%%
lemma poly_of_roots_mult_nonneg:
  fixes t :: "'a::linordered_idom"
  assumes "size {#x\<in>#X. t < x#} = size {#x\<in>#Y. t < x#}"
  shows "0 \<le> poly (poly_of_roots X) t * poly (poly_of_roots Y) t"
proof -
  let ?e = "(-1 :: 'a) ^ size {#x\<in>#X. t < x#}"
  have "0 \<le> (?e * poly (poly_of_roots X) t) * (?e * poly (poly_of_roots Y) t)"
    using sign_poly_of_roots_nonneg[of t X] sign_poly_of_roots_nonneg[of t Y] assms
    by simp
  also have "\<dots> = (?e * ?e) * (poly (poly_of_roots X) t * poly (poly_of_roots Y) t)"
    by (simp only: ac_simps)
  also have "?e * ?e = 1"
    by (simp flip: power_mult_distrib)
  finally show ?thesis
    by simp
qed

interpretation complex_of_real_poly_hom: map_poly_idom_hom complex_of_real
  by unfold_locales

lemma real_rooted_dvd:
  assumes "real_rooted p" "d dvd p"
  shows "real_rooted d"
proof -
  obtain e where "p = d * e"
    using assms(2) by (elim dvdE)
  then show ?thesis
    using assms(1) by (auto simp: real_rooted_def complex_of_real_poly_hom.hom_mult)
qed

lemma real_rooted_poly_of_roots: "real_rooted (poly_of_roots X)"
proof -
  have "map_poly complex_of_real (poly_of_roots X) = poly_of_roots (image_mset complex_of_real X)"
    by (induction X) (simp_all del: mult_pCons_left add: complex_of_real_poly_hom.hom_mult)
  then show ?thesis
    by (auto simp: real_rooted_def poly_of_roots_eq_0_iff)
qed

lemma real_rooted_factorization:
  assumes "real_rooted p"
  shows "\<exists>X. p = Polynomial.smult (lead_coeff p) (poly_of_roots X)"
  using assms
proof (induction "degree p" arbitrary: p)
  case 0
  then show ?case
    by (intro exI[of _ "{#}"]) (auto elim!: degree_eq_zeroE)
next
  case (Suc k p)
  have "\<not> constant (poly (map_poly complex_of_real p))"
    using Suc.hyps(2) by (simp add: constant_degree)
  then obtain z where z: "poly (map_poly complex_of_real p) z = 0"
    using fundamental_theorem_of_algebra by blast
  with Suc.prems obtain a where "z = of_real a"
    unfolding real_rooted_def by (auto elim: Reals_cases)
  with z have "[:-a, 1:] dvd p"
    by (simp add: poly_eq_0_iff_dvd of_real_hom.poly_map_poly)
  then obtain q where pq: "p = [:-a, 1:] * q"
    by (elim dvdE)
  have "p \<noteq> 0"
    using Suc.prems by (simp add: real_rooted_def)
  then have "q \<noteq> 0"
    using pq by (metis mult_zero_right)
  then have "degree p = Suc (degree q)"
    unfolding pq by (subst degree_mult_eq) auto
  with Suc.hyps(2) have "k = degree q"
    by simp
  moreover have "real_rooted q"
    using Suc.prems by (rule real_rooted_dvd) (simp only: pq dvd_triv_right)
  ultimately obtain Y where "q = Polynomial.smult (lead_coeff q) (poly_of_roots Y)"
    using Suc.hyps(1) by blast
  moreover have "lead_coeff p = lead_coeff q"
    unfolding pq lead_coeff_mult by simp
  ultimately have "p = Polynomial.smult (lead_coeff p) (poly_of_roots (add_mset a Y))"
    using pq by (metis poly_of_roots_add_mset mult_smult_right)
  then show ?case ..
qed

lemma monic_real_rooted_poly_of_roots:
  assumes "real_rooted p" "lead_coeff p = 1"
  obtains X where "p = poly_of_roots X"
  using real_rooted_factorization[OF assms(1)] assms(2) by auto

lemma sorted_roots_poly_of_roots: "sorted_roots (poly_of_roots X) = sorted_list_of_multiset X"
  unfolding sorted_roots_def
proof (rule the_equality)
  fix xs
  assume "sorted xs \<and> poly_of_roots X
    = Polynomial.smult (lead_coeff (poly_of_roots X)) (\<Prod>a\<leftarrow>xs. [:-a, 1:])"
  then have "sorted xs" "X = mset xs"
    by (simp_all only: lead_coeff_poly_of_roots smult_1_left prod_list_linear_factors
        poly_of_roots_inject)
  then show "xs = sorted_list_of_multiset X"
    by (metis sorted_list_of_multiset_mset sorted_sort_id)
qed (simp only: lead_coeff_poly_of_roots smult_1_left prod_list_linear_factors
    mset_sorted_list_of_multiset sorted_sorted_list_of_multiset simp_thms)

section \<open>Square-free part\<close>

lemma order_div_gcd_pderiv:
  fixes p :: "'a::{field_char_0,field_gcd} poly"
  assumes "pderiv p \<noteq> 0"
  shows "Polynomial.order a (p div gcd p (pderiv p)) = (if Polynomial.order a p = 0 then 0 else 1)"
proof (rule poly_squarefree_decomp_order[OF assms])
  show "p = p div gcd p (pderiv p) * gcd p (pderiv p)"
    by simp
  show "pderiv p = pderiv p div gcd p (pderiv p) * gcd p (pderiv p)"
    by simp
  show "gcd p (pderiv p) = fst (bezout_coefficients p (pderiv p)) * p
      + snd (bezout_coefficients p (pderiv p)) * pderiv p"
    by (simp add: bezout_coefficients_fst_snd)
qed

lemma gcd_pderiv_poly_of_roots:
  fixes A :: "real multiset"
  shows "gcd (poly_of_roots A) (pderiv (poly_of_roots A))
      = poly_of_roots (A - mset_set (set_mset A))"
    and "poly_of_roots A div gcd (poly_of_roots A) (pderiv (poly_of_roots A))
      = poly_of_roots (mset_set (set_mset A))"
proof -
  define P where "P = poly_of_roots A"
  define D where "D = gcd P (pderiv P)"
  have PD: "P = P div D * D"
    by (simp add: D_def)
  have "real_rooted D" "real_rooted (P div D)"
    using real_rooted_poly_of_roots[of A] PD unfolding P_def[symmetric]
    by (metis dvd_triv_left dvd_triv_right real_rooted_dvd)+
  moreover have "lead_coeff D = 1"
    by (simp add: D_def P_def poly_gcd_monic)
  moreover from this have "lead_coeff (P div D) = 1"
    using PD by (metis P_def lead_coeff_mult lead_coeff_poly_of_roots mult_1_right)
  ultimately obtain G K where G: "D = poly_of_roots G" and K: "P div D = poly_of_roots K"
    by (metis monic_real_rooted_poly_of_roots)
  have A: "A = K + G"
    using PD[unfolded K, unfolded G] by (simp add: P_def flip: poly_of_roots_union)
  have "K = mset_set (set_mset A)"
  proof (cases "A = {#}")
    case False
    then have "pderiv P \<noteq> 0"
      by (simp add: P_def pderiv_eq_0_iff)
    have "Polynomial.order a (P div D) = (if count A a = 0 then 0 else 1)" for a
      using order_div_gcd_pderiv[OF \<open>pderiv P \<noteq> 0\<close>, of a] unfolding D_def
      by (simp add: P_def order_poly_of_roots)
    then show ?thesis
      by (intro multiset_eqI) (auto simp: K order_poly_of_roots count_mset_set not_in_iff)
  qed (use A in simp)
  moreover have "G = A - K"
    using A by simp
  ultimately show "gcd (poly_of_roots A) (pderiv (poly_of_roots A))
      = poly_of_roots (A - mset_set (set_mset A))"
    and "poly_of_roots A div gcd (poly_of_roots A) (pderiv (poly_of_roots A))
      = poly_of_roots (mset_set (set_mset A))"
    using G K by (simp_all add: D_def P_def)
qed

lemma gcdp_poly_of_roots: "gcdp (poly_of_roots A) = poly_of_roots (A - mset_set (set_mset A))"
  unfolding gcdp_def by (rule gcd_pderiv_poly_of_roots(1))

lemma Minp_poly_of_roots: "Minp (poly_of_roots A) = poly_of_roots (mset_set (set_mset A))"
  unfolding Minp_def gcdp_def by (rule gcd_pderiv_poly_of_roots(2))

lemma Min_roots_poly_of_roots: "Min_roots (poly_of_roots A) = sorted_list_of_set (set_mset A)"
  unfolding Min_roots_def Minp_poly_of_roots poly_of_roots_eq_0_iff by simp

lemma Minj_nonzero:
  "j \<in> {1..length (Min_roots p)} \<Longrightarrow> Minj p j \<noteq> 0"
  unfolding Minj_def by simp

lemma degree_Minj:
  "j \<in> {1..length (Min_roots p)} \<Longrightarrow> degree (Minj p j) = length (Min_roots p) - 1"
  unfolding Minj_def by (simp add: degree_prod_sum_eq)

lemma bij_betw_nth_pred:
  assumes "distinct xs"
  shows "bij_betw (\<lambda>i. xs ! (i - 1)) {1..length xs} (set xs)"
proof -
  have "bij_betw (\<lambda>i. i - 1) {1..length xs} {..<length xs}"
    by (rule bij_betwI[where g = Suc]) auto
  from bij_betw_trans[OF this bij_betw_nth[OF assms refl refl]] show ?thesis
    by (simp add: comp_def)
qed

lemma Minj_poly_of_roots:
  fixes A :: "real multiset"
  defines "xs \<equiv> sorted_list_of_set (set_mset A)"
  assumes j: "j \<in> {1..length xs}"
  shows "Minj (poly_of_roots A) j = poly_of_roots (mset_set (set_mset A - {xs ! (j - 1)}))"
proof -
  have bij: "bij_betw (\<lambda>i. xs ! (i - 1)) {1..length xs} (set_mset A)"
    using bij_betw_nth_pred[of xs] by (simp add: xs_def)
  have "Minj (poly_of_roots A) j = (\<Prod>i\<in>{1..length xs} - {j}. [:- (xs ! (i - 1)), 1:])"
    by (simp add: Minj_def Min_roots_poly_of_roots xs_def)
  also have "\<dots> = (\<Prod>x\<in>(\<lambda>i. xs ! (i - 1)) ` ({1..length xs} - {j}). [:-x, 1:])"
    using bij by (subst prod.reindex) (auto intro: inj_on_subset simp: bij_betw_def)
  also have "(\<lambda>i. xs ! (i - 1)) ` ({1..length xs} - {j}) = set_mset A - {xs ! (j - 1)}"
    using inj_on_image_set_diff[of "\<lambda>i. xs ! (i - 1)" "{1..length xs}" "{1..length xs}" "{j}"]
      bij j
    by (simp add: bij_betw_def)
  finally show ?thesis
    by (simp add: poly_of_roots_def prod_unfold_prod_mset)
qed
%%
## What the task asks:
In the data above, find the line with "using real_rooted_factorization[OF assms(1)]" and the line with "Polynomial.smult (lead_coeff (poly_of_roots". Retype both, plus every line between them, exactly.

## Completed task:
  using real_rooted_factorization[OF assms(1)] assms(2) by auto

lemma sorted_roots_poly_of_roots: "sorted_roots (poly_of_roots X) = sorted_list_of_multiset X"
  unfolding sorted_roots_def
proof (rule the_equality)
  fix xs
  assume "sorted xs \<and> poly_of_roots X
    = Polynomial.smult (lead_coeff (poly_of_roots X)) (\<Prod>a\<leftarrow>xs. [:-a, 1:])"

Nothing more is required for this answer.